Using the BlueBoard to get clients

Earlier I hinted at a more effective way (at least in my experience) to get clients via ProZ than either responding to ads or polishing your profile to a high shine – important though these are.


Because both these methods are in essence passive. The first depends on ads turning up out of the blue, and the second on a client happening to seek out your profile.

But when I think back to the beginnings of my years on, the tool I used far more often than either of these was the BlueBoard.

I would narrow down the search to a specific country (in my case, France), then sequence all the agencies so that those who scored a 5 appeared top of the list.

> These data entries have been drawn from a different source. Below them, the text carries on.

(* Let $\mathfrak A$ be a finite dimensional $C^*$-algebra and $\Phi:\mathfrak A\to\mathfrak A$ a (not necessarily unital) $*$-endomorphism. Then $\sigma(\Phi)\subset\{0\}\cup\mathbb T$.
   Context: $\sigma(\Phi)$ is the spectrum (set of eigenvalues) of the linear map $\Phi$ on $\mathfrak A$; $\mathbb T=\{\lambda\in\mathbb C:|\lambda|=1\}$. *)

theory Defs
  imports "HOL-Analysis.Analysis"
begin

class cstar_algebra = real_normed_algebra + banach +
  fixes scaleC :: "complex \<Rightarrow> 'a \<Rightarrow> 'a"
    and cstar :: "'a \<Rightarrow> 'a"
  assumes scaleC_add_right: "scaleC a (x + y) = scaleC a x + scaleC a y"
    and scaleC_add_left: "scaleC (a + b) x = scaleC a x + scaleC b x"
    and scaleC_scaleC: "scaleC a (scaleC b x) = scaleC (a * b) x"
    and scaleC_one: "scaleC 1 x = x"
    and scaleR_scaleC: "scaleR r x = scaleC (complex_of_real r) x"
    and norm_scaleC: "norm (scaleC a x) = cmod a * norm x"
    and mult_scaleC_left: "scaleC a x * y = scaleC a (x * y)"
    and mult_scaleC_right: "x * scaleC a y = scaleC a (x * y)"
    and cstar_cstar: "cstar (cstar x) = x"
    and cstar_add: "cstar (x + y) = cstar x + cstar y"
    and cstar_scaleC: "cstar (scaleC a x) = scaleC (cnj a) (cstar x)"
    and cstar_mult: "cstar (x * y) = cstar y * cstar x"
    and cstar_identity: "norm (cstar x * x) = (norm x)\<^sup>2"

definition cfinite_dim :: "'a::cstar_algebra itself \<Rightarrow> bool" where
  "cfinite_dim _ \<longleftrightarrow> (\<exists>B::'a set. finite B \<and>
      (\<forall>x. \<exists>c. x = (\<Sum>b\<in>B. scaleC (c b) b)))"

definition star_endomorphism :: "('a::cstar_algebra \<Rightarrow> 'a) \<Rightarrow> bool" where
  "star_endomorphism \<Phi> \<longleftrightarrow>
     (\<forall>x y. \<Phi> (x + y) = \<Phi> x + \<Phi> y) \<and>
     (\<forall>a x. \<Phi> (scaleC a x) = scaleC a (\<Phi> x)) \<and>
     (\<forall>x y. \<Phi> (x * y) = \<Phi> x * \<Phi> y) \<and>
     (\<forall>x. \<Phi> (cstar x) = cstar (\<Phi> x))"

definition lin_spectrum :: "('a::cstar_algebra \<Rightarrow> 'a) \<Rightarrow> complex set" where
  "lin_spectrum \<Phi> = {c. \<exists>x. x \<noteq> 0 \<and> \<Phi> x = scaleC c x}"

end

theory Submission
  imports Defs
begin

text \<open>If \<open>\<Phi> x = c x\<close> with \<open>x \<noteq> 0\<close>, then \<open>y = x\<^sup>* x\<close> is a self-adjoint eigenvector for the
eigenvalue \<open>r = \<bar>c\<bar>\<^sup>2\<close>, and its repeated squares \<open>y^(2^k)\<close> are eigenvectors for \<open>r^(2^k)\<close>.
They never vanish, because the C*-identity gives \<open>\<parallel>y^(2^k)\<parallel> = \<parallel>y\<parallel>^(2^k)\<close>. Unless
\<open>r \<in> {0, 1}\<close> these eigenvalues are pairwise distinct, which yields infinitely many linearly
independent vectors, impossible in finite dimension.\<close>

interpretation complex_vs: vector_space "scaleC :: complex \<Rightarrow> 'a::cstar_algebra \<Rightarrow> 'a"
  by unfold_locales (simp_all add: scaleC_add_right scaleC_add_left scaleC_scaleC scaleC_one)

lemma (in vector_space) independent_finite_eigenvectors:
  assumes "module_hom scale scale f" and "finite S" and "0 \<notin> S"
    and "\<And>v. v \<in> S \<Longrightarrow> f v = scale (e v) v" and "inj_on e S"
  shows "independent S"
  using assms(2-)
proof (induction S rule: finite_induct)
  case empty
  show ?case by (rule independent_empty)
next
  case (insert a S)
  interpret f: module_hom scale scale f by (fact assms(1))
  have indep: "independent S" using insert by (simp add: inj_on_insert)
  have "a \<notin> span S"
  proof
    assume "a \<in> span S"
    then obtain u where a: "a = (\<Sum>v\<in>S. scale (u v) v)"
      using span_finite[OF \<open>finite S\<close>] by auto
    have "(\<Sum>v\<in>S. scale (u v * e v) v) = f a"
      using insert.prems(2) by (simp add: a f.sum f.scale)
    also have "\<dots> = scale (e a) a" using insert.prems(2) by simp
    also have "\<dots> = (\<Sum>v\<in>S. scale (u v * e a) v)"
      by (simp add: a scale_sum_right mult.commute)
    finally have "(\<Sum>v\<in>S. scale (u v * (e v - e a)) v) = 0"
      by (simp add: right_diff_distrib scale_left_diff_distrib sum_subtractf)
    then have "u v * (e v - e a) = 0" if "v \<in> S" for v
      using independentD[OF indep \<open>finite S\<close> order_refl, of "\<lambda>v. u v * (e v - e a)"] that
      by simp
    moreover have "e v \<noteq> e a" if "v \<in> S" for v
      using insert.prems(3) insert.hyps(2) that by (auto simp: inj_on_def)
    ultimately have "a = 0" by (simp add: a)
    then show False using insert.prems(1) by simp
  qed
  then show ?case using indep by (rule independent_insertI)
qed

lemma (in vector_space) independent_eigenvectors:
  assumes "module_hom scale scale f" and "0 \<notin> S"
    and "\<And>v. v \<in> S \<Longrightarrow> f v = scale (e v) v" and "inj_on e S"
  shows "independent S"
  unfolding independent_explicit_finite_subsets
proof (intro allI impI)
  fix T u assume "T \<subseteq> S" "finite T" "(\<Sum>v\<in>T. scale (u v) v) = 0"
  moreover have "independent T"
    using assms \<open>T \<subseteq> S\<close> \<open>finite T\<close>
    by (intro independent_finite_eigenvectors[where f = f and e = e]) (auto intro: inj_on_subset)
  ultimately show "\<forall>v\<in>T. u v = 0" using independentD by blast
qed

lemma (in vector_space) independent_eigenvector_family:
  assumes "module_hom scale scale f" and "\<And>i. v i \<noteq> 0"
    and "\<And>i. f (v i) = scale (\<mu> i) (v i)" and "inj \<mu>"
  shows "inj v" and "independent (range v)"
proof -
  show "inj v"
  proof (rule injI)
    fix i j assume "v i = v j"
    then have "scale (\<mu> i) (v i) = scale (\<mu> j) (v i)" by (metis assms(3))
    then show "i = j" using assms(2,4) by (simp add: inj_eq)
  qed
  then have "f w = scale ((\<mu> \<circ> inv v) w) w" if "w \<in> range v" for w
    using that assms(3) by auto
  moreover have "inj_on (\<mu> \<circ> inv v) (range v)"
    using \<open>inj v\<close> assms(4) by (simp add: comp_inj_on inj_on_inv_into)
  ultimately show "independent (range v)"
    using assms(1,2) by (intro independent_eigenvectors[where f = f]) auto
qed

lemma cfinite_dim_independent_finite:
  assumes "cfinite_dim TYPE('a::cstar_algebra)" and "complex_vs.independent (S :: 'a set)"
  shows "finite S"
proof -
  obtain B :: "'a set" where "finite B" and B: "\<And>x. \<exists>c. x = (\<Sum>b\<in>B. scaleC (c b) b)"
    using assms(1) by (auto simp: cfinite_dim_def)
  have "S \<subseteq> complex_vs.span B"
    using B by (metis complex_vs.span_finite[OF \<open>finite B\<close>] UNIV_I image_eqI subsetI)
  then show ?thesis
    using complex_vs.independent_span_bound[OF \<open>finite B\<close> assms(2)] by simp
qed

lemma star_endomorphism_module_hom:
  assumes "star_endomorphism \<Phi>"
  shows "module_hom scaleC scaleC \<Phi>"
  using assms unfolding star_endomorphism_def
  by (intro module_hom.intro module_hom_axioms.intro complex_vs.module_axioms) auto

fun square_iter :: "'a::times \<Rightarrow> nat \<Rightarrow> 'a" where
  "square_iter x 0 = x"
| "square_iter x (Suc k) = square_iter x k * square_iter x k"

lemma cstar_square_iter:
  "cstar y = y \<Longrightarrow> cstar (square_iter y k) = square_iter y k"
  by (induction k) (simp_all add: cstar_mult)

lemma norm_square_iter:
  fixes y :: "'a::cstar_algebra"
  assumes "cstar y = y"
  shows "norm (square_iter y k) = norm y ^ 2 ^ k"
proof (induction k)
  case (Suc k)
  have "norm (square_iter y (Suc k)) = norm (cstar (square_iter y k) * square_iter y k)"
    using cstar_square_iter[OF assms] by simp
  also have "\<dots> = (norm y ^ 2 ^ k)\<^sup>2" by (simp add: cstar_identity Suc.IH)
  finally show ?case by (simp add: power_mult[symmetric] mult.commute)
qed simp

lemma square_iter_eigenvector:
  fixes \<Phi> :: "'a::cstar_algebra \<Rightarrow> 'a"
  assumes "\<And>a b. \<Phi> (a * b) = \<Phi> a * \<Phi> b" and "\<Phi> y = scaleC c y"
  shows "\<Phi> (square_iter y k) = scaleC (c ^ 2 ^ k) (square_iter y k)"
  by (induction k) (simp_all add: assms mult_scaleC_left mult_scaleC_right scaleC_scaleC
      power_add[symmetric] mult_2)

lemma star_endomorphism_eigenvector_cstar_mult:
  assumes "star_endomorphism \<Phi>" and "\<Phi> x = scaleC c x"
  shows "\<Phi> (cstar x * x) = scaleC (complex_of_real ((cmod c)\<^sup>2)) (cstar x * x)"
proof -
  have "\<Phi> (cstar x * x) = cstar (\<Phi> x) * \<Phi> x"
    using assms(1) by (simp add: star_endomorphism_def)
  also have "\<dots> = scaleC (cnj c * c) (cstar x * x)"
    by (simp add: assms(2) cstar_scaleC mult_scaleC_left mult_scaleC_right scaleC_scaleC)
  also have "cnj c * c = complex_of_real ((cmod c)\<^sup>2)"
    by (metis complex_norm_square mult.commute)
  finally show ?thesis .
qed

theorem proposition3p6:
  fixes \<Phi> :: "'a::cstar_algebra \<Rightarrow> 'a"
  assumes "cfinite_dim TYPE('a)"
    and "star_endomorphism \<Phi>"
  shows "lin_spectrum \<Phi> \<subseteq> {0} \<union> {z. cmod z = 1}"
proof
  fix c assume "c \<in> lin_spectrum \<Phi>"
  then obtain x where "x \<noteq> 0" and x: "\<Phi> x = scaleC c x" by (auto simp: lin_spectrum_def)
  define y where "y = cstar x * x"
  define r where "r = (cmod c)\<^sup>2"
  have y_self_adjoint: "cstar y = y" by (simp add: y_def cstar_mult cstar_cstar)
  have "norm y \<noteq> 0" using \<open>x \<noteq> 0\<close> by (simp add: y_def cstar_identity)
  then have nonzero: "square_iter y k \<noteq> 0" for k
    by (metis norm_square_iter[OF y_self_adjoint] norm_zero power_eq_0_iff)
  have "\<Phi> y = scaleC (complex_of_real r) y"
    unfolding y_def r_def by (rule star_endomorphism_eigenvector_cstar_mult[OF assms(2) x])
  then have eigen:
    "\<Phi> (square_iter y k) = scaleC (complex_of_real (r ^ 2 ^ k)) (square_iter y k)" for k
    using square_iter_eigenvector[of \<Phi>] assms(2) by (simp add: star_endomorphism_def)
  show "c \<in> {0} \<union> {z. cmod z = 1}"
  proof (rule ccontr)
    assume "c \<notin> {0} \<union> {z. cmod z = 1}"
    then have "0 < r" and "r \<noteq> 1"
      by (auto simp: r_def power2_eq_1_iff) (use norm_ge_zero[of c] in linarith)
    then have "inj (\<lambda>k. complex_of_real (r ^ 2 ^ k))"
      by (auto intro!: injI simp: power_inject_exp' simp del: of_real_power)
    with star_endomorphism_module_hom[OF assms(2)] nonzero eigen
    have "inj (square_iter y)" and "complex_vs.independent (range (square_iter y))"
      by (rule complex_vs.independent_eigenvector_family)+
    then show False
      using cfinite_dim_independent_finite[OF assms(1)] finite_imageD infinite_UNIV_nat by blast
  qed
qed

end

(At which point, someone is bound to make the outlandish claim that agencies pay for 5s, and that the whole system is untrustworthy. I’ve heard that on occasions, just as I’ve heard on occasions that Bill Gates wants to implant 5G chips in our brains – often from the same sort of people).

If you’re a member, you can of course see the nature of the comments made, as most people explain why they have given a five. Sometimes they are laconic “Good payer, nice communications”, while sometimes their comments extend to the rhapsodic and lyrical.

Having identified, say, 20 agencies, I’d go to their websites, check out whether they might be a good fit for me (not too technical or financial, not too automated, perhaps small businesses run by fellow freelancers) and then pop them an email. Not a boring mass thing either, but one which was tailored to them, with a comment or two on their website. Personal, friendly, distinctive.

Of course some – even most – would ignore my message. But I was never hoping to get 20 new clients with one emailing session (although now I might equally turn to LinkedIn). But two or three would respond, and perhaps one of them would go on to be a client for years.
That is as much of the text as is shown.